Community Members: Linux Foundation Representing Only the Interests of its Corporate Membership
An Anonymous Coward writes:
Can the Linux Foundation Speak for Free Software?:
[Emphasis in original. --Ed.]
Although the Linux Foundation seems to represent Linux and the entire Linux user community, many community members have complained for years that the organization has defaulted to representing only the interests of its corporate membership.

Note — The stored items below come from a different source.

(* Let $\mathcal{M}$ be a set of mappings and $q(\vec x)\leftarrow L_1(\vec v_1),\dots,L_n(\vec v_n)$ a conjunctive query such that all rows of the answer template matrix of $\mathrm{unf}(q,\mathrm{wrap}(\mathcal{M}))$ are equal to some tuple $\vec f$ of function symbols. Let $L_i(\vec v_i)$ be an atom of $q$ with $\vec v_i\subseteq\vec x$ (as sets of variables). Then for every pair of rules $$r_1=q_u(\vec f(\vec y))\leftarrow V_1(\vec y_1),\dots,V_i(\vec y_i),\dots,V_n(\vec y_n),\qquad r_2=q'_u(\vec f(\vec y'))\leftarrow V'_1(\vec y'_1),\dots,V'_i(\vec y'_i),\dots,V'_n(\vec y'_n)$$ in the program of $\mathrm{unf}(q,\mathrm{wrap}(\mathcal{M}))$, where the $j$-th body atom comes from the mapping matched with $L_j$, it holds that $V_i=V'_i$.
   Context: A mapping is $L(\vec f(\vec x))\leftsquigarrow V(\vec x)$ with $L$ a concept or role name, $\vec f(\vec x)$ a tuple of terms each of the form $g(\vec y)$ ($g$ a function symbol, $\vec y\subseteq\vec x$), and $V$ a view name. Signature: $\mathrm{sign}(m)=(L,\vec f)$. Unfolding of a CQ $q(\vec x)\leftarrow L_1(\vec v_1),\dots,L_n(\vec v_n)$: the non-recursive Datalog query $(q_{\mathrm{unf}}(\vec x),\Pi)$ where $\Pi$ is a minimal (up to renaming) set of rules containing, for every tuple $(m_1,\dots,m_n)$ of mappings with $m_i=L_i(\vec f_i(\vec x_i))\leftsquigarrow V_i(\vec z_i)$ and every mgu $\sigma$ of $\{(L_i(\vec v_i),L_i(\vec f_i(\vec x_i)))\}$, the rule $q_{\mathrm{unf}}(\sigma(\vec x))\leftarrow V_1(\sigma(\vec z_1)),\dots,V_n(\sigma(\vec z_n))$. Wrap: for each signature $(L,\vec f)$, the mappings of that signature $\{L(\vec f(\vec v_i))\leftsquigarrow V_i(\vec v_i)\}_i$ are replaced by the single mapping $L(\vec f(\vec v))\leftsquigarrow W(\vec v)$ with $W$ a fresh view for $(W(\vec v),\{W(\vec v_i)\leftarrow V_i(\vec v_i)\}_i)$; $\mathrm{wrap}(\mathcal{M})$ is the union over all signatures (so it contains at most one mapping per signature). Answer template matrix: if the rules of an unfolding are $q_{\mathrm{unf}}(\vec f_j(\vec y_j))\leftarrow V^j_1,\dots,V^j_n$ for $1\le j\le m$, where $\vec f_j$ is the tuple of function symbols in the head, its rows are $\vec f_1,\dots,\vec f_m$. *)

theory Defs
  imports Main
begin

datatype ('f, 'v) trm = Var 'v | Fn 'f "('f, 'v) trm list"

fun subst :: "('v \<Rightarrow> ('f, 'u) trm) \<Rightarrow> ('f, 'v) trm \<Rightarrow> ('f, 'u) trm" where
  "subst \<sigma> (Var v) = \<sigma> v"
| "subst \<sigma> (Fn g ts) = Fn g (map (subst \<sigma>) ts)"

definition unifier :: "('v \<Rightarrow> ('f, 'v) trm) \<Rightarrow> (('f, 'v) trm \<times> ('f, 'v) trm) set \<Rightarrow> bool" where
  "unifier \<sigma> E \<longleftrightarrow> (\<forall>(s, t) \<in> E. subst \<sigma> s = subst \<sigma> t)"

definition is_mgu :: "('v \<Rightarrow> ('f, 'v) trm) \<Rightarrow> (('f, 'v) trm \<times> ('f, 'v) trm) set \<Rightarrow> bool" where
  "is_mgu \<sigma> E \<longleftrightarrow> unifier \<sigma> E \<and>
     (\<forall>\<tau>. unifier \<tau> E \<longrightarrow> (\<exists>\<rho>. \<forall>v. \<tau> v = subst \<rho> (\<sigma> v)))"

text \<open>A mapping  L(g_1(y_1),...,g_k(y_k)) ~> V(z) : concept/role name L, a tuple of
  terms g_j(y_j) (function symbol + argument variables), a view name V and its
  argument variables z.\<close>

record ('c, 'f, 'w, 'v) mapping =
  m_pred :: 'c
  m_terms :: "('f \<times> 'v list) list"
  m_view :: 'w
  m_args :: "'v list"

definition wf_mapping :: "('f \<Rightarrow> nat) \<Rightarrow> ('c, 'f, 'w, 'v) mapping \<Rightarrow> bool" where
  "wf_mapping ar m \<longleftrightarrow>
     (\<forall>(g, ys) \<in> set (m_terms m). length ys = ar g \<and> set ys \<subseteq> set (m_args m))"

definition sign :: "('c, 'f, 'w, 'v) mapping \<Rightarrow> 'c \<times> 'f list" where
  "sign m = (m_pred m, map fst (m_terms m))"

text \<open>Wrapping: for each signature (L, f) there is a single mapping
  L(f(v)) ~> W(v) with v fresh distinct variables; the fresh view W is named by
  (identified with) the signature itself, so distinct signatures get distinct
  fresh views.  Variables of the wrapped mapping: (j,k) = k-th argument of j-th term.\<close>
definition wrap_mapping :: "('f \<Rightarrow> nat) \<Rightarrow> 'c \<times> 'f list
    \<Rightarrow> ('c, 'f, 'c \<times> 'f list, nat \<times> nat) mapping" where
  "wrap_mapping ar s =
     (let ts = map (\<lambda>(j, g). (g, map (\<lambda>k. (j, k)) [0..<ar g])) (enumerate 0 (snd s))
      in \<lparr> m_pred = fst s, m_terms = ts, m_view = s, m_args = concat (map snd ts) \<rparr>)"

definition wrap :: "('f \<Rightarrow> nat) \<Rightarrow> ('c, 'f, 'w, 'v) mapping set
    \<Rightarrow> ('c, 'f, 'c \<times> 'f list, nat \<times> nat) mapping set" where
  "wrap ar M = wrap_mapping ar ` (sign ` M)"

text \<open>A CQ q(x) <- L_1(v_1),...,L_n(v_n): head variable list and list of body atoms.
  Safety: head variables occur in the body.\<close>
type_synonym ('c, 'v) cq = "'v list \<times> ('c \<times> 'v list) list"

definition wf_cq :: "('c, 'v) cq \<Rightarrow> bool" where
  "wf_cq q \<longleftrightarrow> set (fst q) \<subseteq> (\<Union>(L, vs) \<in> set (snd q). set vs)"

text \<open>Datalog rule q_unf(head) <- V_1(args_1),...,V_n(args_n).\<close>
type_synonym ('f, 'w, 'x) rule = "('f, 'x) trm list \<times> ('w \<times> ('f, 'x) trm list) list"

text \<open>Variables of the unification problem: query variables (Inl) and the variables
  of the i-th mapping of the tuple (Inr (i, y)); this renames the mappings apart.\<close>
definition unif_problem :: "('c, 'v) cq \<Rightarrow> ('c, 'f, 'w, 'u) mapping list
    \<Rightarrow> (('f, 'v + nat \<times> 'u) trm \<times> ('f, 'v + nat \<times> 'u) trm) set" where
  "unif_problem q ms =
     {(Var (Inl (snd (snd q ! i) ! k)),
       Fn (fst (m_terms (ms ! i) ! k)) (map (\<lambda>y. Var (Inr (i, y))) (snd (m_terms (ms ! i) ! k))))
      | i k. i < length (snd q) \<and> k < length (snd (snd q ! i))}"

text \<open>The program of unf(q, M): all rules obtained from a tuple of mappings
  (m_1,...,m_n) with m_i matched to atom L_i(v_i) and an mgu \<sigma> of the atom pairs.
  (The set is closed under renaming.)\<close>
definition unf_program :: "('c, 'v) cq \<Rightarrow> ('c, 'f, 'w, 'u) mapping set
    \<Rightarrow> ('f, 'w, 'v + nat \<times> 'u) rule set" where
  "unf_program q M =
     {(map (\<lambda>x. \<sigma> (Inl x)) (fst q),
       map (\<lambda>i. (m_view (ms ! i), map (\<lambda>z. \<sigma> (Inr (i, z))) (m_args (ms ! i))))
           [0..<length (snd q)])
      | ms \<sigma>. length ms = length (snd q) \<and> set ms \<subseteq> M \<and>
         (\<forall>i < length (snd q). m_pred (ms ! i) = fst (snd q ! i) \<and>
              length (m_terms (ms ! i)) = length (snd (snd q ! i))) \<and>
         is_mgu \<sigma> (unif_problem q ms)}"

fun head_sym :: "('f, 'v) trm \<Rightarrow> 'f option" where
  "head_sym (Fn g _) = Some g"
| "head_sym (Var _) = None"

definition template_row :: "('f, 'w, 'x) rule \<Rightarrow> 'f option list" where
  "template_row r = map head_sym (fst r)"

end

theory Submission
  imports Defs
begin

text \<open>In a rule of unf(q, wrap(M)) the i-th body view is the signature of the wrapped
  mapping matched with L_i(v_i), i.e. L_i together with the function symbols the mgu puts
  on the variables v_i.  When v_i consists of answer variables, these are head symbols
  of the rule, which the answer template matrix fixes to the entries of f.  Hence the
  view depends only on q and f, not on the rule.\<close>

lemma m_view_wrap_mapping: "m_view (wrap_mapping ar s) = s"
  by (simp add: wrap_mapping_def Let_def)

lemma sign_wrap_mapping: "sign (wrap_mapping ar s) = s"
proof -
  have "map fst (map (\<lambda>(j, g). (g, map (\<lambda>k. (j, k)) [0..<ar g])) (enumerate n gs)) = gs"
    for n gs
    by (induction gs arbitrary: n) auto
  then show ?thesis
    by (simp add: sign_def wrap_mapping_def Let_def)
qed

lemma m_view_eq_sign_if_wrapped: "m \<in> wrap ar M \<Longrightarrow> m_view m = sign m"
  unfolding wrap_def by (auto simp: m_view_wrap_mapping sign_wrap_mapping)

lemma unf_programE:
  assumes "r \<in> unf_program q M"
  obtains ms \<sigma> where
    "r = (map (\<lambda>x. \<sigma> (Inl x)) (fst q),
          map (\<lambda>i. (m_view (ms ! i), map (\<lambda>z. \<sigma> (Inr (i, z))) (m_args (ms ! i))))
              [0..<length (snd q)])"
    "length ms = length (snd q)" "set ms \<subseteq> M"
    "\<forall>i < length (snd q). m_pred (ms ! i) = fst (snd q ! i) \<and>
        length (m_terms (ms ! i)) = length (snd (snd q ! i))"
    "is_mgu \<sigma> (unif_problem q ms)"
  using assms unfolding unf_program_def by blast

lemma head_sym_unifier_query_var:
  assumes "unifier \<sigma> (unif_problem q ms)"
    and "i < length (snd q)" and "k < length (snd (snd q ! i))"
  shows "head_sym (\<sigma> (Inl (snd (snd q ! i) ! k))) = Some (fst (m_terms (ms ! i) ! k))"
proof -
  have "(Var (Inl (snd (snd q ! i) ! k)),
         Fn (fst (m_terms (ms ! i) ! k)) (map (\<lambda>y. Var (Inr (i, y))) (snd (m_terms (ms ! i) ! k))))
        \<in> unif_problem q ms"
    unfolding unif_problem_def using assms(2,3) by blast
  then show ?thesis
    using assms(1) unfolding unifier_def by fastforce
qed

lemma head_sym_from_template_row:
  assumes "template_row r = map Some f" and "fst r = map g xs" and "j < length xs"
  shows "head_sym (g (xs ! j)) = Some (f ! j)"
proof -
  have row: "map head_sym (map g xs) = map Some f"
    using assms(1,2) unfolding template_row_def by simp
  then have "length xs = length f"
    by (metis length_map)
  have "head_sym (g (xs ! j)) = map head_sym (map g xs) ! j"
    using assms(3) by simp
  also have "\<dots> = map Some f ! j"
    by (simp only: row)
  also have "\<dots> = Some (f ! j)"
    using assms(3) \<open>length xs = length f\<close> by simp
  finally show ?thesis .
qed

lemma unf_program_wrap_view:
  assumes r: "r \<in> unf_program q (wrap ar M)"
    and row: "template_row r = map Some f"
    and i: "i < length (snd q)"
    and answer_vars: "set (snd (snd q ! i)) \<subseteq> set (fst q)"
  shows "fst (snd r ! i) = (fst (snd q ! i),
           map (\<lambda>v. f ! (SOME j. j < length (fst q) \<and> fst q ! j = v)) (snd (snd q ! i)))"
proof -
  let ?vs = "snd (snd q ! i)"
  obtain ms \<sigma> where r_def:
      "r = (map (\<lambda>x. \<sigma> (Inl x)) (fst q),
            map (\<lambda>i. (m_view (ms ! i), map (\<lambda>z. \<sigma> (Inr (i, z))) (m_args (ms ! i))))
                [0..<length (snd q)])"
    and len: "length ms = length (snd q)" and wrapped: "set ms \<subseteq> wrap ar M"
    and matched: "\<forall>i < length (snd q). m_pred (ms ! i) = fst (snd q ! i) \<and>
        length (m_terms (ms ! i)) = length (snd (snd q ! i))"
    and mgu: "is_mgu \<sigma> (unif_problem q ms)"
    using r by (rule unf_programE)
  have answer_terms: "fst r = map (\<lambda>x. \<sigma> (Inl x)) (fst q)"
    using r_def by simp
  have "ms ! i \<in> wrap ar M"
    using wrapped len i by (metis nth_mem subsetD)
  then have view: "fst (snd r ! i) = sign (ms ! i)"
    using r_def i by (simp add: m_view_eq_sign_if_wrapped)
  have "fst (m_terms (ms ! i) ! k) = f ! (SOME j. j < length (fst q) \<and> fst q ! j = ?vs ! k)"
    if k: "k < length ?vs" for k
  proof -
    define j where "j = (SOME j. j < length (fst q) \<and> fst q ! j = ?vs ! k)"
    have "\<exists>j. j < length (fst q) \<and> fst q ! j = ?vs ! k"
      using answer_vars k by (metis in_set_conv_nth nth_mem subsetD)
    then have j: "j < length (fst q) \<and> fst q ! j = ?vs ! k"
      unfolding j_def by (rule someI_ex)
    have "head_sym (\<sigma> (Inl (?vs ! k))) = Some (fst (m_terms (ms ! i) ! k))"
      using mgu i k by (simp add: is_mgu_def head_sym_unifier_query_var)
    moreover have "head_sym (\<sigma> (Inl (fst q ! j))) = Some (f ! j)"
      using head_sym_from_template_row[OF row answer_terms conjunct1[OF j]] by simp
    ultimately show ?thesis
      using j j_def by simp
  qed
  then have "map fst (m_terms (ms ! i)) =
      map (\<lambda>v. f ! (SOME j. j < length (fst q) \<and> fst q ! j = v)) ?vs"
    using matched i by (intro nth_equalityI) auto
  then show ?thesis
    using view matched i by (simp add: sign_def)
qed

theorem theorem7:
  fixes ar :: "'f \<Rightarrow> nat"
    and M :: "('c, 'f, 'w, 'v) mapping set"
    and q :: "('c, 'v) cq"
    and f :: "'f list"
    and i :: nat
  assumes "\<forall>m \<in> M. wf_mapping ar m"
    and "wf_cq q"
    and "\<forall>r \<in> unf_program q (wrap ar M). template_row r = map Some f"
    and "i < length (snd q)"
    and "set (snd (snd q ! i)) \<subseteq> set (fst q)"
  shows "\<forall>r1 \<in> unf_program q (wrap ar M). \<forall>r2 \<in> unf_program q (wrap ar M).
           fst (snd r1 ! i) = fst (snd r2 ! i)"
proof (intro ballI)
  fix r1 r2
  assume r1: "r1 \<in> unf_program q (wrap ar M)" and r2: "r2 \<in> unf_program q (wrap ar M)"
  show "fst (snd r1 ! i) = fst (snd r2 ! i)"
    using unf_program_wrap_view[OF r1 _ assms(4,5)] unf_program_wrap_view[OF r2 _ assms(4,5)]
      assms(3) r1 r2 by simp
qed

end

This situation might not matter so much if organizations representing the community were strong enough to act as a counter-balance. The trouble is, they are not. In the last decade, the Free Software Foundation has backed away from its former activist tradition, while the Software Freedom Conservancy is almost unknown outside a small circle. Even Debian, while the dominant force among Linux distributions, makes fewer position announcements than it once did. As a result, the Linux Foundation has become the accepted public face of free software without any attempt to represent any except corporate interests.
The kindest interpretation of this situation is that the Linux Foundation has a public relations problem that it is unaware of and is overdue to correct. A more cynical interpretation is that, from its very start, the Linux Foundation has been a slow coup, gradually usurping an authority to which it has no right. Ask me on alternate days which one I believe.
Whatever the case, the solutions are the same. A concerted effort to get community members elected to at-large positions might help, although they would still be a minority. Many, too, might not want to legitimize the foundation by participating in it. A more promising response might be to see that community organizations are strengthened to provide a counter-balance, but that would be a slow solution if it worked at all.